De transfiguratie (Rafaël)
De transfiguratie (Italiaans: Trasfigurazione) is een schilderij van de Italiaanse renaissanceschilder Rafaël uit 1516-1520. Het schilderij is ongeveer vier meter hoog en bijna drie meter breed. Het is het laatste grote werk uit Rafaëls oeuvre en behoort tot de collectie van de Vaticaanse Musea in Vaticaanstad. Het schilderij was een voorbeeld voor de barokschilders als Rubens en Caravaggio.[1]
De transfiguratie | ||||
---|---|---|---|---|
Kunstenaar | Rafaël | |||
Jaar | 1516-1520 | |||
Ontstaan in | Rome | |||
Stijl | hoogrenaissance | |||
Techniek | olietempera op paneel | |||
Afmetingen | 410 × 279 cm | |||
Museum | Vaticaanse Musea | |||
Locatie | Vaticaanstad | |||
Inventarisnummer | 40333 | |||
RKD-gegevens | ||||
|
Achtergrond
bewerkenHet schilderij is gemaakt in opdracht van kardinaal Giulio de' Medici, de latere paus Clemens VII. Hij had besloten twee grote altaarstukken te schenken aan de kathedraal van Narbonne in Frankrijk, sinds 1515 zijn aartsbisschoppelijke zetel: De transfiguratie door Rafaël en De opwekking van Lazarus door de in Rome werkende Venetiaan Sebastiano del Piombo, deels op basis van tekeningen door Michelangelo, die in die periode in Florence verbleef. Door Rafaël in competitie met Michelangelo te laten werken wilde de kardinaal ervoor zorgen dat Rafaël het werk zo veel mogelijk eigenhandig zou schilderen.[1]

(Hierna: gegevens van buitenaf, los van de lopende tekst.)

definition words :: "(nat \<Rightarrow> 'a set) \<Rightarrow> 'a list set" where
  "words A = lists (alphabet A)"

definition is_varword :: "(nat \<Rightarrow> 'a set) \<Rightarrow> 'a option list \<Rightarrow> bool" where
  "is_varword A w \<longleftrightarrow> None \<in> set w \<and> (\<forall>a. Some a \<in> set w \<longrightarrow> a \<in> alphabet A)"

definition is_varseq :: "(nat \<Rightarrow> 'a set) \<Rightarrow> (nat \<Rightarrow> 'a option list) \<Rightarrow> bool" where
  "is_varseq A s \<longleftrightarrow> (\<forall>n. is_varword A (s n))"

definition subst_c :: "'a option list \<Rightarrow> 'a \<Rightarrow> 'a list" where
  "subst_c w a = map (\<lambda>c. case c of None \<Rightarrow> a | Some b \<Rightarrow> b) w"

definition subst_v :: "'a option list \<Rightarrow> 'a option \<Rightarrow> 'a option list" where
  "subst_v w b = map (\<lambda>c. case c of None \<Rightarrow> b | Some a \<Rightarrow> Some a) w"

definition cspan :: "(nat \<Rightarrow> 'a option list) \<Rightarrow> (nat \<Rightarrow> 'a set) \<Rightarrow> nat set \<Rightarrow> 'a list set" where
  "cspan s B I = {concat (map (\<lambda>(l, a). subst_c (s l) a) ps) | ps.
      ps \<noteq> [] \<and> sorted_wrt (<) (map fst ps) \<and> (\<forall>(l, a)\<in>set ps. l \<in> I \<and> a \<in> B l)}"

definition vspan :: "(nat \<Rightarrow> 'a option list) \<Rightarrow> (nat \<Rightarrow> 'a set) \<Rightarrow> nat set \<Rightarrow> 'a option list set" where
  "vspan s B I = {concat (map (\<lambda>(l, a). subst_v (s l) a) ps) | ps.
      ps \<noteq> [] \<and> sorted_wrt (<) (map fst ps) \<and>
      (\<forall>(l, a)\<in>set ps. l \<in> I \<and> a \<in> insert None (Some ` B l)) \<and>
      (\<exists>l. (l, None) \<in> set ps)}"

text \<open>t \<le>_k s: every initial segment (t_0..t_l) is an extracted k-subsequence.\<close>
definition extracted :: "(nat \<Rightarrow> 'a set) \<Rightarrow> nat \<Rightarrow> (nat \<Rightarrow> 'a option list) \<Rightarrow> (nat \<Rightarrow> 'a option list) \<Rightarrow> bool" where
  "extracted A k t s \<longleftrightarrow>
     (\<forall>l. \<exists>m :: nat \<Rightarrow> nat. m 0 = 0 \<and> (\<forall>i\<le>l. m i < m (Suc i)) \<and>
        (\<forall>i\<le>l. t i \<in> vspan s (\<lambda>n. A (k + n)) {m i..<m (Suc i)}))"
theorem theorem2p16:
  fixes \<beta> :: real and f :: "complex \<Rightarrow> complex"
  assumes "0 \<le> \<beta>" and "\<beta> \<le> 1" and "f \<in> classC"
  shows "Cbeta \<beta> f \<in> classC"
proof -
  obtain g \<alpha> where f: "f \<in> classA" and g: "g \<in> classK" and \<alpha>: "-(pi/2) < \<alpha>" "\<alpha> < pi/2"
    and pos: "\<And>z. z \<in> ball 0 1 \<Longrightarrow> 0 < Re (exp (\<i> * of_real \<alpha>) * deriv f z / deriv g z)"
    using assms(3) unfolding classC_def by blast
  have holf: "f holomorphic_on ball 0 1" "f 0 = 0" and holg: "g holomorphic_on ball 0 1" "g 0 = 0"
    using f g by (auto simp: classK_def classA_def)
  have ratio: "deriv (Cbeta \<beta> f) z / deriv (Cbeta \<beta> g) z = over_z f z / over_z g z"
    if "z \<in> ball 0 1" for z
    using deriv_Cbeta(1)[OF holf that] deriv_Cbeta(1)[OF holg that] one_minus_notin_nonpos_Reals[OF that]
    by (auto simp: Cbeta_integrand_def)
  have "0 < Re (exp (\<i> * of_real \<alpha>) * deriv (Cbeta \<beta> f) z / deriv (Cbeta \<beta> g) z)"
    if "z \<in> ball 0 1" for z
    using Re_over_z_quotient_pos[OF f g pos that]
    by (simp only: times_divide_eq_right[symmetric] ratio[OF that])
  then show ?thesis
    unfolding classC_def using Cbeta_in_classA[OF f] Cbeta_in_classK[OF g assms(1,2)] \<alpha> by blast
qed

end
text \<open>The ratio \<open>X\<^sub>5 / X\<^sub>1\<close> is constant along such a line, and equals \<open>\<tau>\<^sup>2\<close> on \<open>S\<^sub>\<tau>\<close>.\<close>

lemma singular_line_in_spread:
  assumes Wv: "sigma_vec v" and Ww: "sigma_vec w" and I: "Fq_indep v w" and "v 6 = 0" "w 6 = 0"
    and "Qform v = 0" "Qform w = 0" "Qpolar v w = 0" "hform q \<omega> v w = 0"
  shows "line_pts v w \<in> spread q"
proof -
  note pts = singular_line_pts[OF assms(1-8)]
  have cardL: "card (line_pts v w) = q + 1" using card_line_pts(3)[OF Wv Ww I] .
  have finite: "finite (S_inf q :: (nat \<Rightarrow> 'a) set set)" "finite (S_line q (\<tau>::'a))" for \<tau>
    using card_S_inf card_S_line by (simp_all add: card_ge_0_finite)
  show ?thesis
  proof (cases "v 1 = 0 \<and> w 1 = 0")
    case True
    have "line_pts v w \<subseteq> S_inf q"
    proof
      fix X assume "X \<in> line_pts v w"
      then obtain z a b where "X = pt z" "sigma_vec z" "z \<noteq> (\<lambda>_. 0)" "z 6 = 0" "Qform z = 0"
        "z 1 = a * v 1 + b * w 1" by (rule pts)
      thus "X \<in> S_inf q" using pt_in_S_inf True by simp
    qed
    hence "line_pts v w = S_inf q" using card_subset_eq[OF finite(1)] cardL card_S_inf by simp
    thus ?thesis unfolding spread_def by simp
  next
    case False
    define u where "u = (if v 1 \<noteq> 0 then v else w)"
    have u1: "u 1 \<noteq> 0" and Ru: "cross15 v u = 0" "cross15 w u = 0"
      using False cross15_eq_0[OF Wv Ww assms(4,5,8,9)] cross15_self cross15_commute
      by (auto simp: u_def)
    obtain \<tau> where \<tau>: "\<tau>^2 = u 5 / u 1" using exists_sqrt by blast
    have "line_pts v w \<subseteq> S_line q \<tau>"
    proof
      fix X assume "X \<in> line_pts v w"
      then obtain z a b where z: "X = pt z" "sigma_vec z" "z \<noteq> (\<lambda>_. 0)" "z 6 = 0" "Qform z = 0"
        "cross15 z u = a * cross15 v u + b * cross15 w u" by (metis pts)
      have "u 1 * z 5 = z 1 * u 5" using z(6) Ru unfolding cross15_def by (metis eq_iff_add_eq_0 add.commute mult_zero_right add_0)
      also have "u 5 = u 1 * \<tau>^2" using u1 \<tau> by simp
      finally have "u 1 * z 5 = u 1 * (z 1 * \<tau>^2)" by (simp add: algebra_simps)
      hence "z 5 = z 1 * \<tau>^2" using u1 by simp
      thus "X \<in> S_line q \<tau>" using pt_in_S_line z(1-5) by simp
    qed
    hence "line_pts v w = S_line q \<tau>" using card_subset_eq[OF finite(2)] cardL card_S_line by simp
    thus ?thesis unfolding spread_def by simp
  qed
qed

section \<open>Point sets cut out by quadratics on lines\<close>

lemma card_Fq_roots_quadratic_le_2:
  assumes "a \<noteq> 0 \<or> b \<noteq> 0 \<or> c \<noteq> 0"
  shows "(if c = 0 then 1 else 0) + card {t \<in> Fq. c * t^2 + b * t + a = 0} \<le> 2"
proof -
  consider "c \<noteq> 0" | "c = 0" "b \<noteq> 0" | "c = 0" "b = 0" "a \<noteq> 0" using assms by blast
  thus ?thesis
  proof cases
    case 1
    have "card {t \<in> Fq. c * t^2 + b * t + a = 0} \<le> card {t. c * t^2 + b * t + a = 0}"
      by (intro card_mono) auto
    thus ?thesis using 1 card_roots_quadratic_le_2[OF 1, of b a] by simp
  next
    case 2
    have "card {t \<in> Fq. c * t^2 + b * t + a = 0} \<le> card {t. b * t + a = 0}"
      using 2 by (intro card_mono) auto
    thus ?thesis using 2 card_roots_linear_le_1[OF 2(2), of a] by simp
  next
    case 3 thus ?thesis by simp
  qed
qed

lemma card_line_pts_Int:
  assumes "sigma_vec v" "sigma_vec w" "Fq_indep v w"
  shows "card (line_pts v w \<inter> S) = (if pt w \<in> S then 1 else 0) + card {t \<in> Fq. pt (vadd v (vscale t w)) \<in> S}"
proof -
  let ?f = "\<lambda>t. pt (vadd v (vscale t w))"
  have "line_pts v w \<inter> S = ?f ` {t \<in> Fq. ?f t \<in> S} \<union> (if pt w \<in> S then {pt w} else {})"
    by (auto simp: line_pts_def)
  moreover have "card (?f ` {t \<in> Fq. ?f t \<in> S}) = card {t \<in> Fq. ?f t \<in> S}"
    by (rule card_image, rule inj_on_subset[OF card_line_pts(1)[OF assms]]) auto
  moreover have "pt w \<notin> ?f ` {t \<in> Fq. ?f t \<in> S}" using card_line_pts(2)[OF assms] by auto
  ultimately show ?thesis by (auto simp: card_insert_if)
qed
(* Let $q=p^m$ with $p$ prime and let $(k,q)$ be a semiprimitive pair. Then $\Gamma(k,q)$ is Ramanujan if and only if either $k=2$ (the classical Paley graph, $q\equiv1\pmod4$), or $m$ is even and $(k,p,m)$ satisfies one of: (a) $k=3$, $p=2$, $m\ge4$; (b) $k=3$, $p\ne2$, $p\equiv2\pmod3$, $m\ge2$; (c) $k=4$, $p=3$, $m\ge4$; (d) $k=4$, $p\ne3$, $p\equiv3\pmod4$, $m\ge2$; (e) $k=5$, $p=2$, $m\ge8$, $4\mid m$; (f) $k=5$, $p\ne2$, $p\equiv2,3\pmod5$, $m\ge4$, $4\mid m$; (g) $k=5$, $p\equiv4\pmod5$, $m\ge2$. Moreover, $\bar\Gamma(k,q)$ is Ramanujan for every semiprimitive pair $(k,q)$.
   Context: Let $p$ be prime, $q=p^m$, $k\mid q-1$, $R_k=\{x^k:x\in\mathbb F_q^*\}$. $\Gamma(k,q)$ is the Cayley graph on $\mathbb F_q$ with $u\to v$ an edge iff $v-u\in R_k$; $\bar\Gamma(k,q)$ is the Cayley graph on $\mathbb F_q$ with connection set $\mathbb F_q^*\setminus R_k$. A pair $(k,q)$ is a semiprimitive pair if either $k=2$ and $q\equiv1\pmod4$, or $k>2$, $k\mid p^t+1$ for some $t\mid\frac m2$, and $k\ne p^{m/2}+1$. A connected $N$-regular graph $\Gamma$ is Ramanujan if $\max\{|\lambda|:\lambda\text{ eigenvalue of }\Gamma,\ |\lambda|\ne N\}\le 2\sqrt{N-1}$. *)

theory Defs
  imports Complex_Main "HOL-Computational_Algebra.Primes"
begin

definition kth_powers :: "nat \<Rightarrow> 'a::{finite,field} set" where
  "kth_powers k = {x ^ k | x. x \<noteq> 0}"

definition gpaley :: "nat \<Rightarrow> 'a::{finite,field} \<Rightarrow> 'a \<Rightarrow> bool" where
  "gpaley k u v \<longleftrightarrow> v - u \<in> kth_powers k"

definition gpaley_bar :: "nat \<Rightarrow> 'a::{finite,field} \<Rightarrow> 'a \<Rightarrow> bool" where
  "gpaley_bar k u v \<longleftrightarrow> v - u \<noteq> 0 \<and> v - u \<notin> kth_powers k"

definition adj_eigenvalue :: "('a::finite \<Rightarrow> 'a \<Rightarrow> bool) \<Rightarrow> complex \<Rightarrow> bool" where
  "adj_eigenvalue E mu \<longleftrightarrow>
     (\<exists>v :: 'a \<Rightarrow> complex. v \<noteq> (\<lambda>_. 0) \<and>
        (\<forall>u. (\<Sum>w\<in>{w. E u w}. v w) = mu * v u))"

definition connected_graph :: "('a \<Rightarrow> 'a \<Rightarrow> bool) \<Rightarrow> bool" where
  "connected_graph E \<longleftrightarrow> (\<forall>u v. E\<^sup>*\<^sup>* u v)"

definition regular_graph :: "('a::finite \<Rightarrow> 'a \<Rightarrow> bool) \<Rightarrow> nat \<Rightarrow> bool" where
  "regular_graph E N \<longleftrightarrow> (\<forall>u. card {w. E u w} = N)"

definition ramanujan :: "('a::finite \<Rightarrow> 'a \<Rightarrow> bool) \<Rightarrow> bool" where
  "ramanujan E \<longleftrightarrow> connected_graph E \<and>
     (\<exists>N. regular_graph E N \<and>
        (\<forall>mu. adj_eigenvalue E mu \<and> cmod mu \<noteq> real N \<longrightarrow> cmod mu \<le> 2 * sqrt (real N - 1)))"

definition semiprimitive_pair :: "nat \<Rightarrow> nat \<Rightarrow> nat \<Rightarrow> bool" where
  "semiprimitive_pair k p m \<longleftrightarrow>
     (k = 2 \<and> (p ^ m) mod 4 = 1) \<or>
     (k > 2 \<and> even m \<and> (\<exists>t. t > 0 \<and> t dvd (m div 2) \<and> k dvd p ^ t + 1) \<and> k \<noteq> p ^ (m div 2) + 1)"

end

theory Submission
  imports Defs "HOL-Algebra.Algebraic_Closure_Type" "HOL-Number_Theory.Residues"
begin

hide_const (open) Divisibility.prime

lemma power_ring_of_type_algebra:
  "x [^]\<^bsub>ring_of_type_algebra\<^esub> (n::nat) = (x::'a::field) ^ n"
  by (induction n) (auto simp: ring_of_type_algebra_def)

lemma finite_field_has_generator:
  "\<exists>g::'a::{finite,field}. g \<noteq> 0 \<and> (\<forall>x. x \<noteq> 0 \<longrightarrow> (\<exists>i. x = g ^ i))"
proof -
  interpret F: field "ring_of_type_algebra :: 'a ring" by (rule field_from_type_algebra)
  have "finite (carrier (ring_of_type_algebra :: 'a ring))"
    by (simp add: ring_of_type_algebra_def)
  then have "\<exists>a\<in>UNIV - {0::'a}. UNIV - {0} = {a ^ i | i::nat. i \<in> UNIV}"
    using F.finite_field_mult_group_has_gen
    unfolding power_ring_of_type_algebra by (simp add: ring_of_type_algebra_def)
  then obtain a :: 'a where a: "a \<in> UNIV - {0}" and gen: "UNIV - {0} = {a ^ i | i::nat. i \<in> UNIV}"
    by (rule bexE)
  show ?thesis
  proof (rule exI[of _ a], intro conjI allI impI)
    show "a \<noteq> 0" using a by simp
    fix x :: 'a
    assume "x \<noteq> 0"
    then have "x \<in> {a ^ i | i::nat. i \<in> UNIV}" unfolding gen[symmetric] by simp
    then show "\<exists>i. x = a ^ i" by simp
  qed
qed

lemma nonzero_power_card_minus_1:
  fixes x :: "'a::{finite,field}"
  assumes "x \<noteq> 0"
  shows "x ^ (card (UNIV :: 'a set) - 1) = 1"
proof -
  interpret F: field "ring_of_type_algebra :: 'a ring" by (rule field_from_type_algebra)
  let ?M = "Multiplicative_Group.mult_of (ring_of_type_algebra :: 'a ring)"
  interpret M: group ?M by (rule F.field_mult_group)
  have "x [^]\<^bsub>?M\<^esub> Coset.order ?M = \<one>\<^bsub>?M\<^esub>"
    using assms by (intro M.pow_order_eq_1) (simp add: ring_of_type_algebra_def)
  moreover have "Coset.order ?M = card (UNIV :: 'a set) - 1"
    by (simp add: Coset.order_def ring_of_type_algebra_def)
  ultimately show ?thesis
    by (simp add: Multiplicative_Group.nat_pow_mult_of power_ring_of_type_algebra)
      (simp add: ring_of_type_algebra_def)
qed

lemma nat_power_minus_1_dvd: "(a::nat) - 1 dvd a ^ r - 1"
proof (induction r)
  case 0 then show ?case by simp
next
  case (Suc r)
  show ?case
  proof (cases "a = 0")
    case True then show ?thesis by simp
  next
    case False
    have "a ^ Suc r - 1 = a * (a ^ r - 1) + (a - 1)"
      using False by (simp add: algebra_simps diff_mult_distrib2)
    then show ?thesis using Suc by simp
  qed
qed

lemma square_minus_1_nat: "(a::nat) * a - 1 = (a + 1) * (a - 1)"
  by (cases a) (simp_all add: algebra_simps)

lemma multiplicative_unitary:
  fixes f :: "'b::field \<Rightarrow> complex"
  assumes mult: "\<And>x y. x \<noteq> 0 \<Longrightarrow> y \<noteq> 0 \<Longrightarrow> f (x * y) = f x * f y"
    and nrm: "\<And>x. x \<noteq> 0 \<Longrightarrow> norm (f x) = 1"
  shows "f 1 = 1" and "x \<noteq> 0 \<Longrightarrow> y \<noteq> 0 \<Longrightarrow> f x * cnj (f y) = f (x / y)"
proof -
  have "f 1 = f 1 * f 1" using mult[of 1 1] by simp
  moreover have "f 1 \<noteq> 0" using nrm[of 1] by auto
  ultimately show "f 1 = 1" by simp
  assume xy: "x \<noteq> 0" "y \<noteq> 0"
  have "f (x / y) * f y = f x" using mult[of "x / y" y] xy by simp
  moreover have "f y \<noteq> 0" using nrm[OF xy(2)] by auto
  ultimately have "f (x / y) = f x / f y" by (simp add: field_simps)
  then show "f x * cnj (f y) = f (x / y)" using divide_conv_cnj[OF nrm[OF xy(2)]] by simp
qed

lemma cmod_minus_1_plus_minus_bounds:
  fixes n :: nat and z :: complex
  assumes "n \<ge> 1" "z = - 1 + of_nat n \<or> z = - 1 - of_nat n"
  shows "real n - 1 \<le> cmod z" "cmod z \<le> real n + 1"
proof -
  from assms(2) have "z = of_nat (n - 1) \<or> z = - of_nat (n + 1)"
    using assms(1) by (auto simp: of_nat_diff)
  then have "cmod z = real (n - 1) \<or> cmod z = real n + 1"
    by (metis norm_minus_cancel norm_of_nat of_nat_Suc add.commute Suc_eq_plus1)
  then show "real n - 1 \<le> cmod z" "cmod z \<le> real n + 1"
    using assms(1) by (auto simp: of_nat_diff)
qed

lemma quadratic_roots_cases:
  fixes a b x1 x2 r :: "'a::field"
  assumes "x1 \<noteq> x2" "x1 * x1 - a * x1 + b = 0" "x2 * x2 - a * x2 + b = 0" "r * r - a * r + b = 0"
  shows "r = x1 \<or> r = x2"
proof -
  have "(x1 - x2) * (x1 + x2 - a) = (x1 * x1 - a * x1 + b) - (x2 * x2 - a * x2 + b)" by (simp add: algebra_simps)
  then have "(x1 - x2) * (x1 + x2 - a) = 0" using assms(2,3) by simp
  then have a: "a = x1 + x2" using assms(1) by simp
  have e: "x1 * x1 - (x1 + x2) * x1 + b = 0" using assms(2) a by simp
  have "b = (x1 * x1 - (x1 + x2) * x1 + b) + x1 * x2" by (simp add: algebra_simps)
  also have "\<dots> = x1 * x2" unfolding e by simp
  finally have b: "b = x1 * x2" .
  have "(r - x1) * (r - x2) = r * r - (x1 + x2) * r + x1 * x2" by (simp add: algebra_simps)
  then have "(r - x1) * (r - x2) = 0" using assms(4) a b by simp
  then show ?thesis by simp
qed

Het heeft latere bewonderaars van Rafaël verbaasd dat de stijl van de onderste scène zo sterk contrasteert met de eigenlijke transfiguratie. Zij vonden het onvoorstelbaar dat de schilder wiens werk eeuwenlang als het classicistische ideaal gold, zich niet aan de eenheid van stijl zou houden. Daarom moest de onderste scène wel het werk van zijn atelier zijn geweest, in het bijzonder zijn jonge assistent en de latere maniërist Giulio Romano, die na de voortijdige dood van zijn meester het schilderij zou hebben voltooid. Technisch onderzoek heeft echter uitgewezen het werk vrijwel volledig door Rafaël zelf is geschilderd. Rafaël was te veelzijdig en ambitieus om zich tot één werkwijze te beperken. Het contrast in stijl tussen de beide scènes is eerder te verklaren doordat Rafaël in één werk de competitie wilde aangaan met zowel het verfijnde kleurgebruik van de Venetiaan Sebastiano del Piombo als de ruimtelijke, driedimensionale vormen van de Florentijnse beeldhouwer Michelangelo, om daarmee tegelijk de paragone – de wedijver tussen schilderkunst en beeldhouwkunst – in zijn voordeel te beslissen.[2][3] Het licht speelt dan ook een centrale rol in het schilderij: in de bovenste helft is er de serene Christus omstraald door het eeuwige licht van de verblindende wolk waaruit de stem van God klinkt, met ernaast de aardse zonsondergang in de verte, en onderaan de druk gebarende figuren in clair-obscur dat ruimte en diepte schept.[1]
Voorstelling
bewerkenDe voorstelling is verticaal in tweeën gedeeld en illustreert twee opeenvolgende verhalen uit het Nieuwe Testament. Het bovenste gedeelte toont de eigenlijke transfiguratie, zoals beschreven in de evangeliën van Matteüs, Marcus en Lucas: Jezus gaat met de apostelen Petrus, Jakobus en Johannes naar de top van een berg, traditioneel Tabor genoemd. Daar aangekomen begin Jezus' gezicht te stralen als de zon en werd zijn kleding helderwit. Naast hem verschijnen de oudtestamentische profeten Mozes en Elia, waarna uit een lichtende wolk de stem van God klinkt, die evenals tijdens de doop in de Jordaan zegt: "Dit is mijn Zoon." De drie apostelen vallen op de grond en schermen hun ogen af van het licht. Op het schilderij zweven Jezus en de twee profeten in de lucht, terwijl hun kleding omhoog wappert. Op eerdere schilderijen waren ze statischer afgebeeld, hetzij staande op de grond, zoals bij Giovanni Bellini, hetzij roerloos zwevend op wolken, zoals op de fresco's van Rafaëls leermeester Pietro Perugino. Links zijn twee figuren in aanbidding getuige van het gebeuren. Hun identiteit is onzeker is, maar ze stellen mogelijk de broers Justus en Pastor voor, de twee heiligen aan wie de kathedraal van Narbonne was gewijd.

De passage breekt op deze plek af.